Куда ссылали латышей

Речь идет о Янисе Райнисе и Петерисе Стучке. Сплетение личного и общественного в их биографиях исследовал вятcкий правовед Юрий Павлович Малых в только что изданной в Кирове книге, которая так и называется: «Сплетенье судеб». На ее презентацию в Риге, в культурно-образовательном центре «Неллия» приехал сам автор — в рамках Пушкинских дней в Латвии.

Давние дружеские связи рижского Пушкинского общества с интеллигенцией Кирова не случайны — Вятская губерния в конце 19-го начале 20-го века стала местом ссылки многих латышских социал-демократов, равно как и русских марксистов. В числе самых знаменитых латышей-ссыльных — Иван Христофорович Плиекшан (Янис Райнис) и Петр Иванович Стучко (Петерис Стучка). В Кирове с 60-х годов прошлого века существует музей Райниса, а в 2004 году открыта мемориальная доска, посвященная памяти наркома юстиции, председателя Верховного суда РСФСР П. И. Стучке. В кировских архивах сохранилась масса документов, которые передают неизвестные подробности жизни этих двух выдающихся латышских интеллектуалов, их спутниц жизни — Доры и Аспазии, и дают представление о среде политических ссыльных, живших в Вятской губернии под гласным надзором полиции.

Книга Юрия Малыха, который использовал архивы Вятки, Москвы, Санкт-Петербурга, Риги и многие другие источники, хоть и является полноценным историческим исследованием, но больше напоминает напряженную психологическую драму.

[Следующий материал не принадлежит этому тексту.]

lemma count_in_singleton: "count_in {a} xs = count_list xs a"
  by (induction xs) auto

lemma
  fixes S X :: "'a set" and P :: real
  assumes "finite X" "S \<subseteq> X"
  defines "P \<equiv> card S / card X"
  shows sum_of_bool_minus_mean: "(\<Sum>x\<in>X. of_bool (x \<in> S) - P) = 0"
    and sum_of_bool_minus_mean_squared: "(\<Sum>x\<in>X. (of_bool (x \<in> S) - P)\<^sup>2) = card X * P * (1 - P)"
proof -
  have card: "(\<Sum>x\<in>X. of_bool (x \<in> S)) = real (card S)"
    using assms by (simp add: sum_of_bool_eq Int_absorb1 Int_absorb2)
  show "(\<Sum>x\<in>X. of_bool (x \<in> S) - P) = 0"
    using card by (cases "X = {}") (simp_all add: sum_subtractf P_def assms)
  have sq: "(of_bool (x \<in> S) - P)\<^sup>2 = of_bool (x \<in> S) * (1 - 2 * P) + P\<^sup>2" for x
    by (simp add: power2_eq_square algebra_simps)
  show "(\<Sum>x\<in>X. (of_bool (x \<in> S) - P)\<^sup>2) = card X * P * (1 - P)"
    unfolding sq sum.distrib sum_distrib_right[symmetric] card
    using assms by (cases "X = {}") (simp_all add: P_def power2_eq_square field_simps)
qed

lemma sum_words_count_in_variance:
  fixes S X :: "'a set" and P :: real
  assumes "finite X" "S \<subseteq> X"
  defines "P \<equiv> card S / card X"
  shows "(\<Sum>xs\<in>words X n. (count_in S xs - n * P)\<^sup>2) = n * P * (1 - P) * card X ^ n"
proof (induction n)
  case 0
  then show ?case by simp
next
  case (Suc n)
  define a where "a x = of_bool (x \<in> S) - P" for x
  define D where "D xs = real (count_in S xs) - n * P" for xs
  have "(\<Sum>xs\<in>words X (Suc n). (count_in S xs - Suc n * P)\<^sup>2)
      = (\<Sum>x\<in>X. \<Sum>xs\<in>words X n. (a x)\<^sup>2 + 2 * a x * D xs + (D xs)\<^sup>2)"
    by (simp add: sum_words_Suc a_def D_def power2_eq_square algebra_simps)
  also have "\<dots> = (\<Sum>x\<in>X. (a x)\<^sup>2) * card X ^ n + 2 * (\<Sum>x\<in>X. a x) * (\<Sum>xs\<in>words X n. D xs)
      + card X * (\<Sum>xs\<in>words X n. (D xs)\<^sup>2)"
    using assms(1) by (simp add: sum.distrib sum_distrib_left sum_distrib_right card_words
        mult.assoc mult.left_commute[of 2] mult.commute[of "_ ^ n"] sum.swap[of _ X])
  also have "\<dots> = Suc n * P * (1 - P) * card X ^ Suc n"
  proof -
    have "(\<Sum>x\<in>X. a x) = 0" and sq: "(\<Sum>x\<in>X. (a x)\<^sup>2) = card X * P * (1 - P)"
      unfolding a_def P_def using assms(1,2)
      by (rule sum_of_bool_minus_mean, rule sum_of_bool_minus_mean_squared)
    moreover have "(\<Sum>xs\<in>words X n. (D xs)\<^sup>2) = n * P * (1 - P) * card X ^ n"
      using Suc by (simp add: D_def)
    ultimately show ?thesis
      by (simp only: sq) (simp add: algebra_simps)
  qed
  finally show ?case .
qed

lemma card_words_count_in_deviation_le:
  fixes S X :: "'a set" and P \<tau> :: real
  assumes "finite X" "S \<subseteq> X"
  defines "P \<equiv> card S / card X"
  shows "card {xs\<in>words X n. \<tau> < (count_in S xs - n * P)\<^sup>2} * \<tau> \<le> n * card X ^ n / 4"
proof -
  let ?B = "{xs\<in>words X n. \<tau> < (count_in S xs - n * P)\<^sup>2}"
  have "card ?B * \<tau> = (\<Sum>xs\<in>?B. \<tau>)"
    by simp
  also have "\<dots> \<le> (\<Sum>xs\<in>?B. (count_in S xs - n * P)\<^sup>2)"
    by (rule sum_mono) simp
  also have "\<dots> \<le> (\<Sum>xs\<in>words X n. (count_in S xs - n * P)\<^sup>2)"
    using assms(1) by (intro sum_mono2) auto
  also have "\<dots> = n * (P * (1 - P)) * card X ^ n"
    using sum_words_count_in_variance[OF assms(1,2), of n] by (simp add: P_def)
  also have "\<dots> \<le> n * (1 / 4) * card X ^ n"
  proof -
    have "P * (1 - P) \<le> 1 / 4"
      using zero_le_power2[of "P - 1 / 2"] by (simp add: power2_eq_square algebra_simps)
    then show ?thesis
      by (intro mult_right_mono mult_left_mono) auto
  qed
  finally show ?thesis
    by simp
qed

Потому что за формулярами и предписаниями столичных сановников и губернских властей, за строками личных писем героев, их соратников, друзей и близких встает не только та далекая предгрозовая эпоха, но противоречивые характеры главных персонажей с их страстями и переживаниями, по разному проявлявшимися в одинаковых обстоятельствах. Именно сфера чувств и эмоций во многом определила жизненный путь двух лидеров латышской «фронды» и посмертную оценку потомками их наследия, Райниса — в литературе, Стучки — в правоведении.

По лезвию бритвы

Стучка и Плиекшанс были просто обречены подружиться. В детстве оба наслушались от родителей разговоры о засилье «серых баронов». «Чтоб немецких фонов и ландратов за грудки взять, надо университетские премудрости превзойти. Вот почему нам, латышам, надо в университетах учиться» — наставлял Петериса отец, учитель сельской школы и владелец небольшого хутора. Он отдал сына в немецкую гимназию. Там же учился и сын арендатора Янис Плиекшанс. На уроках словесности оба воспылали любовью к немецкой романтической литературе и философии. Посещение театров, чтение лекций, общение с творческими людьми — таковы были увлечения юношей. После окончания гимназии оба поступают в Петербургский университет, на юридический факультет.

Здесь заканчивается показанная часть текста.